Using the entries that follow, report the number of lines that include the string "definition", without any other text.

BEGIN DATA UNDER STUDY

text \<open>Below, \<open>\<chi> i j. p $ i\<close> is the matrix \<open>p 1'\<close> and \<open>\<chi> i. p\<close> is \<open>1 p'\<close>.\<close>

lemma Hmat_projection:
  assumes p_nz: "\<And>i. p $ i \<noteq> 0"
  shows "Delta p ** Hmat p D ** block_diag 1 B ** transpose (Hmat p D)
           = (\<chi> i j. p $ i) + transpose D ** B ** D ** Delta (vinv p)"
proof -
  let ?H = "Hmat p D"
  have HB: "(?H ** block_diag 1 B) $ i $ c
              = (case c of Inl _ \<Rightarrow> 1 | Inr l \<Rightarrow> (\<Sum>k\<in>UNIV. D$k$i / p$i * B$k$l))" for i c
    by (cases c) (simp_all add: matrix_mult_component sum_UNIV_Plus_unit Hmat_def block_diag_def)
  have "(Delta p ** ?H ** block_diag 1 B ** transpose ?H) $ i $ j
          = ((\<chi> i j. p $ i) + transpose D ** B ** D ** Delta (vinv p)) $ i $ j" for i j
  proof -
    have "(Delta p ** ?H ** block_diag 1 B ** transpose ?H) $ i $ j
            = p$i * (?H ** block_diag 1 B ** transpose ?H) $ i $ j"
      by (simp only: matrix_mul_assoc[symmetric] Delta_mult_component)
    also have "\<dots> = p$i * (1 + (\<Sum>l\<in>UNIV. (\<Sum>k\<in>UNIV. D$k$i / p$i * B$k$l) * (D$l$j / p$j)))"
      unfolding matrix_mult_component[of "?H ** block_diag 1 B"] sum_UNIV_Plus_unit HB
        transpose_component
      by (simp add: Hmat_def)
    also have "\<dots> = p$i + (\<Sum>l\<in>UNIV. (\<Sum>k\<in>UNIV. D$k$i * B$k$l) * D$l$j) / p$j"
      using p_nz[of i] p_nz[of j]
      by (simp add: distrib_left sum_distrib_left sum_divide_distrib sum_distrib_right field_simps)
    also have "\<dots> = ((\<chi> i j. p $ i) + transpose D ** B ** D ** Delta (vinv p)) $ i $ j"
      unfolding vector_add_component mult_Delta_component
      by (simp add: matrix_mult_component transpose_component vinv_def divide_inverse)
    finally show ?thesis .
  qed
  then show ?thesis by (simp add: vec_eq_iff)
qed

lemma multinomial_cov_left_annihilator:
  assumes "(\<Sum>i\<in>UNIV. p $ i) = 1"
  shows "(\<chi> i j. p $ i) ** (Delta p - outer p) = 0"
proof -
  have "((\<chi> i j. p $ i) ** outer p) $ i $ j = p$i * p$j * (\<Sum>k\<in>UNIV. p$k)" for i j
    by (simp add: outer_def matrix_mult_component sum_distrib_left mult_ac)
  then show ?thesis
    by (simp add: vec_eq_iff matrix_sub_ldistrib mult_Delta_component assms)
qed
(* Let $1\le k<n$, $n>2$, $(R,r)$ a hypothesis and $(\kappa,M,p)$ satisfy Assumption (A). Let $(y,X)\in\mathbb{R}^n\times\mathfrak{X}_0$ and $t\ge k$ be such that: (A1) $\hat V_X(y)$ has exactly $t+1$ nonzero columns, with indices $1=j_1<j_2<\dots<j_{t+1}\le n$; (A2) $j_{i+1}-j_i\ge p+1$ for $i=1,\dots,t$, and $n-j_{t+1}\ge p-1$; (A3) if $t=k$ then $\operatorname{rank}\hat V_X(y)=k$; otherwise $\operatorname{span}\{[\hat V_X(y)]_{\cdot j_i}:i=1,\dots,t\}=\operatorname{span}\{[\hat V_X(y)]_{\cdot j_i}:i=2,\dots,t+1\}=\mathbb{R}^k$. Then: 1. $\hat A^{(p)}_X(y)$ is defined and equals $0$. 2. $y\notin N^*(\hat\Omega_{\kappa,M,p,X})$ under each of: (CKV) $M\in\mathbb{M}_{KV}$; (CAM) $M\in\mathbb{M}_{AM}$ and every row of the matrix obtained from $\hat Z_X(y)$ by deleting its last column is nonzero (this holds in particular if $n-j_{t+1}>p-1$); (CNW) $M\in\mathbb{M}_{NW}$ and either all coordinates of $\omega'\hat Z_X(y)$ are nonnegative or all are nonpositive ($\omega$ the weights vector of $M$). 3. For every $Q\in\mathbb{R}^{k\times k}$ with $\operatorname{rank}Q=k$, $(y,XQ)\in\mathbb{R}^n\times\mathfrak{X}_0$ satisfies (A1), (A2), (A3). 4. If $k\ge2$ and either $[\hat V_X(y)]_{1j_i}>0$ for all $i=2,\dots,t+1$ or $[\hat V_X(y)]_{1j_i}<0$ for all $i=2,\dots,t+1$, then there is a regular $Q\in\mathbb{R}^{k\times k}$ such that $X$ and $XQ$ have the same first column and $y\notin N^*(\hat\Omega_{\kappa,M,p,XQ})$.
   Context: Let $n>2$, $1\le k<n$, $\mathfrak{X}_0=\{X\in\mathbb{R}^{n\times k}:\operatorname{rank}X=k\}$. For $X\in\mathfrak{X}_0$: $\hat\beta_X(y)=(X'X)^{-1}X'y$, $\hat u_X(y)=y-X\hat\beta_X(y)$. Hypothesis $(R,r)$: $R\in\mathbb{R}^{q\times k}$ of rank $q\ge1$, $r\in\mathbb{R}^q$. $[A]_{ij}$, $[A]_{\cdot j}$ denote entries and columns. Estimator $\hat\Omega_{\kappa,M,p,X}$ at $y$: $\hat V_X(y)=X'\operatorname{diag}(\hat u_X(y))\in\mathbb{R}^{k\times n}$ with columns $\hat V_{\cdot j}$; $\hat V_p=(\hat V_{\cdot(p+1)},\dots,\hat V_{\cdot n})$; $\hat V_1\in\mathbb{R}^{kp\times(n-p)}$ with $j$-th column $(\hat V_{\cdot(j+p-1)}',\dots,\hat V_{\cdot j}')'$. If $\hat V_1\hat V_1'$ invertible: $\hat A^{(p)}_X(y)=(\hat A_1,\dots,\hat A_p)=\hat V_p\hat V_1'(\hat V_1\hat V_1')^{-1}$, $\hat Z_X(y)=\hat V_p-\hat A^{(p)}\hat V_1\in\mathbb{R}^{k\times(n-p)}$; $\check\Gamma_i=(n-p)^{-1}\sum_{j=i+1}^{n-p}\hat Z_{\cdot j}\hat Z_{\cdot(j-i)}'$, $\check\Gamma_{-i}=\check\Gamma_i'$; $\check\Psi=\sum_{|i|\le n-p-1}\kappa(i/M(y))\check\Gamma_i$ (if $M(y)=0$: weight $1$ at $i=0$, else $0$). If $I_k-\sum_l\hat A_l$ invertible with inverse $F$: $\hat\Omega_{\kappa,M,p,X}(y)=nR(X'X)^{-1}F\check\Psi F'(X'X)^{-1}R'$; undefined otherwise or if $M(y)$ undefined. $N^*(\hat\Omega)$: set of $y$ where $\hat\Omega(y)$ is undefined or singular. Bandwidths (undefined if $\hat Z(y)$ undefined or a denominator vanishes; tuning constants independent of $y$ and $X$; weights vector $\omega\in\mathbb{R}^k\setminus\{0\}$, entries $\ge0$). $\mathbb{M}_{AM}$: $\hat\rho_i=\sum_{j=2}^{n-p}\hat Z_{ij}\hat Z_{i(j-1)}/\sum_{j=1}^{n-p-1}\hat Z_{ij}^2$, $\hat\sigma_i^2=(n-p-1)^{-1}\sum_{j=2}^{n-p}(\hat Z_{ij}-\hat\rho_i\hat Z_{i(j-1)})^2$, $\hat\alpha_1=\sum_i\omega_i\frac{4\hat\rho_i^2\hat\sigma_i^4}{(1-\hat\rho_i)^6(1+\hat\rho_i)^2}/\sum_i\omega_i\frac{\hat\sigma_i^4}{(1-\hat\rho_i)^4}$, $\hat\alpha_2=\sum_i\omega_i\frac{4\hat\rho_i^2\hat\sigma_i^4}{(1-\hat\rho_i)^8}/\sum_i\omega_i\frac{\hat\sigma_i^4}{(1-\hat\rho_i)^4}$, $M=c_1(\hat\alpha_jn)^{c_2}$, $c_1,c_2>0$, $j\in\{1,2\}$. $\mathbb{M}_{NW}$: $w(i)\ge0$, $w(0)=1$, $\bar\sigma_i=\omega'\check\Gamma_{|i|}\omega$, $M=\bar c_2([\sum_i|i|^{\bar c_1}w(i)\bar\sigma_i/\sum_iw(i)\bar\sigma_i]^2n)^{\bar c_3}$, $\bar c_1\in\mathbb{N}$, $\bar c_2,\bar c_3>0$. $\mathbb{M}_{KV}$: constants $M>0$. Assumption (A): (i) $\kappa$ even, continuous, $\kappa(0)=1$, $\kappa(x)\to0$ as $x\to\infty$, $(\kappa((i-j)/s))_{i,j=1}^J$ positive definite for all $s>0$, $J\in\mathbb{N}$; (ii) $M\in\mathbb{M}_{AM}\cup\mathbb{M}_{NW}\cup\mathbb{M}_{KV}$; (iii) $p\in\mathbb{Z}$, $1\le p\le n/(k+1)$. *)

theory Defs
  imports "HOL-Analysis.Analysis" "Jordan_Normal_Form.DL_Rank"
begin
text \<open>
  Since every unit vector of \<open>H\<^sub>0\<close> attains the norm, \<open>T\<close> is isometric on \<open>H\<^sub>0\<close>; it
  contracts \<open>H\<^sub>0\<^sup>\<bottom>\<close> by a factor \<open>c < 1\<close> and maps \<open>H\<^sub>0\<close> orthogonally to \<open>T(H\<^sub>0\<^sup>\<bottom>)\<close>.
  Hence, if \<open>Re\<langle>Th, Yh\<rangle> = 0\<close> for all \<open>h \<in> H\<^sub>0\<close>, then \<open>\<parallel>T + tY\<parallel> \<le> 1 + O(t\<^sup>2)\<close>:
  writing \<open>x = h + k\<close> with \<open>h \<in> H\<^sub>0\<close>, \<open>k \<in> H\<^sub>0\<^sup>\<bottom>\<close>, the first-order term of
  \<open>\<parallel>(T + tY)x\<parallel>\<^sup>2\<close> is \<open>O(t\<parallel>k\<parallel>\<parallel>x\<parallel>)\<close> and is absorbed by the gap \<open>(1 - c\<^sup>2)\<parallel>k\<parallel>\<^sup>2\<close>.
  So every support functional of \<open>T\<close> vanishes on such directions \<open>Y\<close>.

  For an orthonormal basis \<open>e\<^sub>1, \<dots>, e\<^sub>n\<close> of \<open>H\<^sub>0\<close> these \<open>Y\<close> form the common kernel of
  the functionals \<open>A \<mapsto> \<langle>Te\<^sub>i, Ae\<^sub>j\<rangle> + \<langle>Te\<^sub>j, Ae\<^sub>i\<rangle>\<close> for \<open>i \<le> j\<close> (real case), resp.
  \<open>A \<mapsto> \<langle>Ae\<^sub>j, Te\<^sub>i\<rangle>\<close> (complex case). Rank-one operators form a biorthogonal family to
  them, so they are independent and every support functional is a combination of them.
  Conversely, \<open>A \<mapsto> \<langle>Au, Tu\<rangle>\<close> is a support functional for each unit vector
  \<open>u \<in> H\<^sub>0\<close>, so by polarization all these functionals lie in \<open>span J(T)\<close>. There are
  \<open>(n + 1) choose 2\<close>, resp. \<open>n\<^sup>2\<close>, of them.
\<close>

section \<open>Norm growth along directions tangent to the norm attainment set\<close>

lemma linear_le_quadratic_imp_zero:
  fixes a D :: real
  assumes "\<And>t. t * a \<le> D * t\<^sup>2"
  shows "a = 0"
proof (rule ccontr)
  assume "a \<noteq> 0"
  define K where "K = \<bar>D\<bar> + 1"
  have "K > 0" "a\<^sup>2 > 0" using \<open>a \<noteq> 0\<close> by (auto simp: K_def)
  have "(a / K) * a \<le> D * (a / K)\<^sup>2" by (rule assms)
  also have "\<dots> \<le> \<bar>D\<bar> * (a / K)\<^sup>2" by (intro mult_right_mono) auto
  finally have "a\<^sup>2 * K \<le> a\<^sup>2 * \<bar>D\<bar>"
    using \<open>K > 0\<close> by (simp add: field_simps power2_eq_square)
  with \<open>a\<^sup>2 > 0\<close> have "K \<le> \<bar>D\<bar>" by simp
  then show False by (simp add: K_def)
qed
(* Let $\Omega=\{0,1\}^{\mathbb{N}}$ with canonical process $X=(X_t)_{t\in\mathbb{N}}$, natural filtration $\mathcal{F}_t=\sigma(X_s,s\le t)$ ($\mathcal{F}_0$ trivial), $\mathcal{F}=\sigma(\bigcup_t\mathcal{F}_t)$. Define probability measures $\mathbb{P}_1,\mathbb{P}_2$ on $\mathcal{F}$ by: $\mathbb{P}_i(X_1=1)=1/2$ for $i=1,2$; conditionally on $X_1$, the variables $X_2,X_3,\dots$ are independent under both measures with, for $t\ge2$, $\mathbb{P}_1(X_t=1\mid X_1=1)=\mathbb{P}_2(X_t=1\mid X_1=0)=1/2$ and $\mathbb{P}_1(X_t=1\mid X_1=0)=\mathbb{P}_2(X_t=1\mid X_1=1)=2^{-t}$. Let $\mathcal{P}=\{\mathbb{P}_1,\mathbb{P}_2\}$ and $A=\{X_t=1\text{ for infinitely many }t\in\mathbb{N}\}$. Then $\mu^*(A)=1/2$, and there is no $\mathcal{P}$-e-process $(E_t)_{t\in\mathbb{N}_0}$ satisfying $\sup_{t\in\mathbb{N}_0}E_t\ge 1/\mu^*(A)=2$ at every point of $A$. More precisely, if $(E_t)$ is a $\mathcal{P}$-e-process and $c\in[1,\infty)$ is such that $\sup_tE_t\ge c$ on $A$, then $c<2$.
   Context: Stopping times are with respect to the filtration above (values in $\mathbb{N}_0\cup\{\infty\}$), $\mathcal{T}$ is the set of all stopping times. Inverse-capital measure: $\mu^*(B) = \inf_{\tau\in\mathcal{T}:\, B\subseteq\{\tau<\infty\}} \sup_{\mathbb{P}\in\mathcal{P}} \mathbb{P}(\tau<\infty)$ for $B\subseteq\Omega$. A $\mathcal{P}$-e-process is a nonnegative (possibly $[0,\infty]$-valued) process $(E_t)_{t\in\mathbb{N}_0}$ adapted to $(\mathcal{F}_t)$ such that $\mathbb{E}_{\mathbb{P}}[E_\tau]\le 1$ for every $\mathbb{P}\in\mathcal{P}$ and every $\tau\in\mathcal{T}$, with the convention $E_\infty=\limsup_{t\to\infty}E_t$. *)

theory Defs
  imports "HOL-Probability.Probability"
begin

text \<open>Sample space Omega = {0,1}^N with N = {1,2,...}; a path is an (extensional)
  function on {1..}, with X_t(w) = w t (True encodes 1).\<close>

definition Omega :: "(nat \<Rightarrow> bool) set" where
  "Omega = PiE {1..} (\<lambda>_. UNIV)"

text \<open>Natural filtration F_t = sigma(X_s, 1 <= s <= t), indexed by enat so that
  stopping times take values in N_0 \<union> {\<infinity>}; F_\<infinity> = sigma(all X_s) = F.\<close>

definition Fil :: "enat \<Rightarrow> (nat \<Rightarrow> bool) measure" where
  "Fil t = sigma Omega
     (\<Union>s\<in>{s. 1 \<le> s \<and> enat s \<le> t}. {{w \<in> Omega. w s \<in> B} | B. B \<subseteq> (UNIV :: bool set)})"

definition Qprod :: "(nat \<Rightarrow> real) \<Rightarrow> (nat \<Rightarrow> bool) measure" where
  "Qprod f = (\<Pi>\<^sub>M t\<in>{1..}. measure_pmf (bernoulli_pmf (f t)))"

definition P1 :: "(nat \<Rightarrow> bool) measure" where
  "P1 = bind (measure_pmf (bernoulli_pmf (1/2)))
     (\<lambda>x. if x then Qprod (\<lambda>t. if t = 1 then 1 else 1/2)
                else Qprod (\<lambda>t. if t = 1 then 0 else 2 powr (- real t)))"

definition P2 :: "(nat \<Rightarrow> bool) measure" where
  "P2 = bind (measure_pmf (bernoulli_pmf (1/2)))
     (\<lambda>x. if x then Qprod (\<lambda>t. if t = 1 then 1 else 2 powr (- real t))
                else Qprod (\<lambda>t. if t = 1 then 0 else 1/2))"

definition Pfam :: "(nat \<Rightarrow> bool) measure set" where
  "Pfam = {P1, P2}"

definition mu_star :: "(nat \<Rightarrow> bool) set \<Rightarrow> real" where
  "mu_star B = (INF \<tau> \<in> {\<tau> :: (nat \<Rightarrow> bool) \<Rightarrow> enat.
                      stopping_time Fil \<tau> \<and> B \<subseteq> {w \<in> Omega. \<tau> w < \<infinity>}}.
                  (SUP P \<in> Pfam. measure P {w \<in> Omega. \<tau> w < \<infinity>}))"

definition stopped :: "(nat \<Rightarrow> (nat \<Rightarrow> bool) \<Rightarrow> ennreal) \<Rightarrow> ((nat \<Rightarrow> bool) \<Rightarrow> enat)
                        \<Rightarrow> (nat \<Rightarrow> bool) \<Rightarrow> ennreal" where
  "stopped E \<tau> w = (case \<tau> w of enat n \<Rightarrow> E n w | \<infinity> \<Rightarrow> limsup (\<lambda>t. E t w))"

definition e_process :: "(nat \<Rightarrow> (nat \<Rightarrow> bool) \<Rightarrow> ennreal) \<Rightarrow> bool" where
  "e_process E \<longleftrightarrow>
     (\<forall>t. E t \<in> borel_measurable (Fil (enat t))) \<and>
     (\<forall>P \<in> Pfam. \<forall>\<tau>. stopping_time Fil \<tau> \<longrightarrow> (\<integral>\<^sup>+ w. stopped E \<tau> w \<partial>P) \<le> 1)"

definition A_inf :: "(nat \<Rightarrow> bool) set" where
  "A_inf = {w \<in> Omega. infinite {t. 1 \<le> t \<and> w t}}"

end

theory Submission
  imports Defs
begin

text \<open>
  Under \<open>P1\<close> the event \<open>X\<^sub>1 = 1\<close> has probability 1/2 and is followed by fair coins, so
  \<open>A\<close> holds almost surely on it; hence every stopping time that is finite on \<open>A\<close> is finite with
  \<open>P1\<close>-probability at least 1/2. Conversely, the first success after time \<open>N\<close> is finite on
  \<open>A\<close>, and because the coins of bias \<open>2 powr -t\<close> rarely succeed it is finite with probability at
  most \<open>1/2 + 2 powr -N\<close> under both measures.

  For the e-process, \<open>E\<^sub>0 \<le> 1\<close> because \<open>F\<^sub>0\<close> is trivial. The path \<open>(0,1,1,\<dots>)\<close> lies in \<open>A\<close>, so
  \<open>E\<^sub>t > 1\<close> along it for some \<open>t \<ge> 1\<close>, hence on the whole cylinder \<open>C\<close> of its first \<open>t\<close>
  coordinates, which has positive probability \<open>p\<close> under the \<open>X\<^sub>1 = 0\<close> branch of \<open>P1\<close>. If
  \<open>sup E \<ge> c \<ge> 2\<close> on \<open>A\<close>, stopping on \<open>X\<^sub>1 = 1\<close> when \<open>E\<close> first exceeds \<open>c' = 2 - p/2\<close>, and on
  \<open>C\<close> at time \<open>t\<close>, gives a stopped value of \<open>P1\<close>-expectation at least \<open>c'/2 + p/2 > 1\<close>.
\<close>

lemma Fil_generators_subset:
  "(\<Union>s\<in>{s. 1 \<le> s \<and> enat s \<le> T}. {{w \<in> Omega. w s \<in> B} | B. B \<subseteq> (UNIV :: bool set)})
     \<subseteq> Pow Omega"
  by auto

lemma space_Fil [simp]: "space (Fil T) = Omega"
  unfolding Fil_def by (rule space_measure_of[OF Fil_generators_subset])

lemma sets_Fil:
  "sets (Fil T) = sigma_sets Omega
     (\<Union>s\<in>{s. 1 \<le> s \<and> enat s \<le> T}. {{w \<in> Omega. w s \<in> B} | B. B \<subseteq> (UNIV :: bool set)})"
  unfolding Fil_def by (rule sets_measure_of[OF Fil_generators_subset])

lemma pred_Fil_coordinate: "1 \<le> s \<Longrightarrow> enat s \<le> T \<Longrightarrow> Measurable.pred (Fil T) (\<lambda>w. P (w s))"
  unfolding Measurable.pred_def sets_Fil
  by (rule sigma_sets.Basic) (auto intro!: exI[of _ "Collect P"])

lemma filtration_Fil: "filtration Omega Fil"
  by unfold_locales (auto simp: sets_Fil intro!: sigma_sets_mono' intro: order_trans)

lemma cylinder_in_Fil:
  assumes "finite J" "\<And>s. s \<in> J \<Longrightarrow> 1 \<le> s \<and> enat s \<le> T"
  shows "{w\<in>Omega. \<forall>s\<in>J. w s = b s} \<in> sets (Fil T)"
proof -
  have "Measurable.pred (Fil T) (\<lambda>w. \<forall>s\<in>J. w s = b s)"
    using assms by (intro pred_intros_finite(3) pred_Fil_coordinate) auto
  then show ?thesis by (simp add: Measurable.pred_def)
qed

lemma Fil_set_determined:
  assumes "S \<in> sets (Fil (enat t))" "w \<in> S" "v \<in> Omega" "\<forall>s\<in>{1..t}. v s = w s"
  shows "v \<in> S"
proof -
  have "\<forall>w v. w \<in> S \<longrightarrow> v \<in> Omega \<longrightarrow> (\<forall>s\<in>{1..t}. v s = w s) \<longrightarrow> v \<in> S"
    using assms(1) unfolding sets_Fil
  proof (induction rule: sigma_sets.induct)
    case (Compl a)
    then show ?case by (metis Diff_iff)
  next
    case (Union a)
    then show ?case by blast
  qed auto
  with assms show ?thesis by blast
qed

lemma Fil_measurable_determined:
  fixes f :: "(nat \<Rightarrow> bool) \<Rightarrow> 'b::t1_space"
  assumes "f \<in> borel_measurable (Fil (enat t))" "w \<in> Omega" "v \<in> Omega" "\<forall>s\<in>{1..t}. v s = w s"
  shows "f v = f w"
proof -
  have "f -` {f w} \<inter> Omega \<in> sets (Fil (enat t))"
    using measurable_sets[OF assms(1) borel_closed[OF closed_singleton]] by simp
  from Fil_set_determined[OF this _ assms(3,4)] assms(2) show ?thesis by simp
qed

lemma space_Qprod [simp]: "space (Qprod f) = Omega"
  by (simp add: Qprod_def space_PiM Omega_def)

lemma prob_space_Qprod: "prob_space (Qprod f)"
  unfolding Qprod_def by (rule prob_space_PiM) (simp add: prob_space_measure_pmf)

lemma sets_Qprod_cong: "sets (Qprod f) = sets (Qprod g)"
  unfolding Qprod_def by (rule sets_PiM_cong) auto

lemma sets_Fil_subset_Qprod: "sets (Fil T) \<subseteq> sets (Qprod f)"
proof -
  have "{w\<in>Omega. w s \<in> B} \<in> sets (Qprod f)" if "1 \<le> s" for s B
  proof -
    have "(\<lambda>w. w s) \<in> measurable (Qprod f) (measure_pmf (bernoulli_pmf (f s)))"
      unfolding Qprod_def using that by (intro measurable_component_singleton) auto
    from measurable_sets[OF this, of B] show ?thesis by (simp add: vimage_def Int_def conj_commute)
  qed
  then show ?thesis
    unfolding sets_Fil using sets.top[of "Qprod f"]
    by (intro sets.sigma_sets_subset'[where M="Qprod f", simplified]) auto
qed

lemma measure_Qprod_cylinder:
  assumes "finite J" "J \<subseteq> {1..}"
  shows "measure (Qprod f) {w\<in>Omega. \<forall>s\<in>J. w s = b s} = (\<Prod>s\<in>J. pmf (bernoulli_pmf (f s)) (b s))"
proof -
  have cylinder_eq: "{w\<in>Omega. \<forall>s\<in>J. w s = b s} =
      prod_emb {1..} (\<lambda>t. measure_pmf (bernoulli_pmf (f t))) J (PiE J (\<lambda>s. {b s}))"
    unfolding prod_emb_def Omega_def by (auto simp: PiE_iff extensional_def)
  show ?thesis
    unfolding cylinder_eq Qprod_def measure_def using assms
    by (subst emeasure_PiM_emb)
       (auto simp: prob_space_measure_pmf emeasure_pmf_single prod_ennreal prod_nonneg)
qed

END DATA UNDER STUDY

WRITTEN REPLY. 10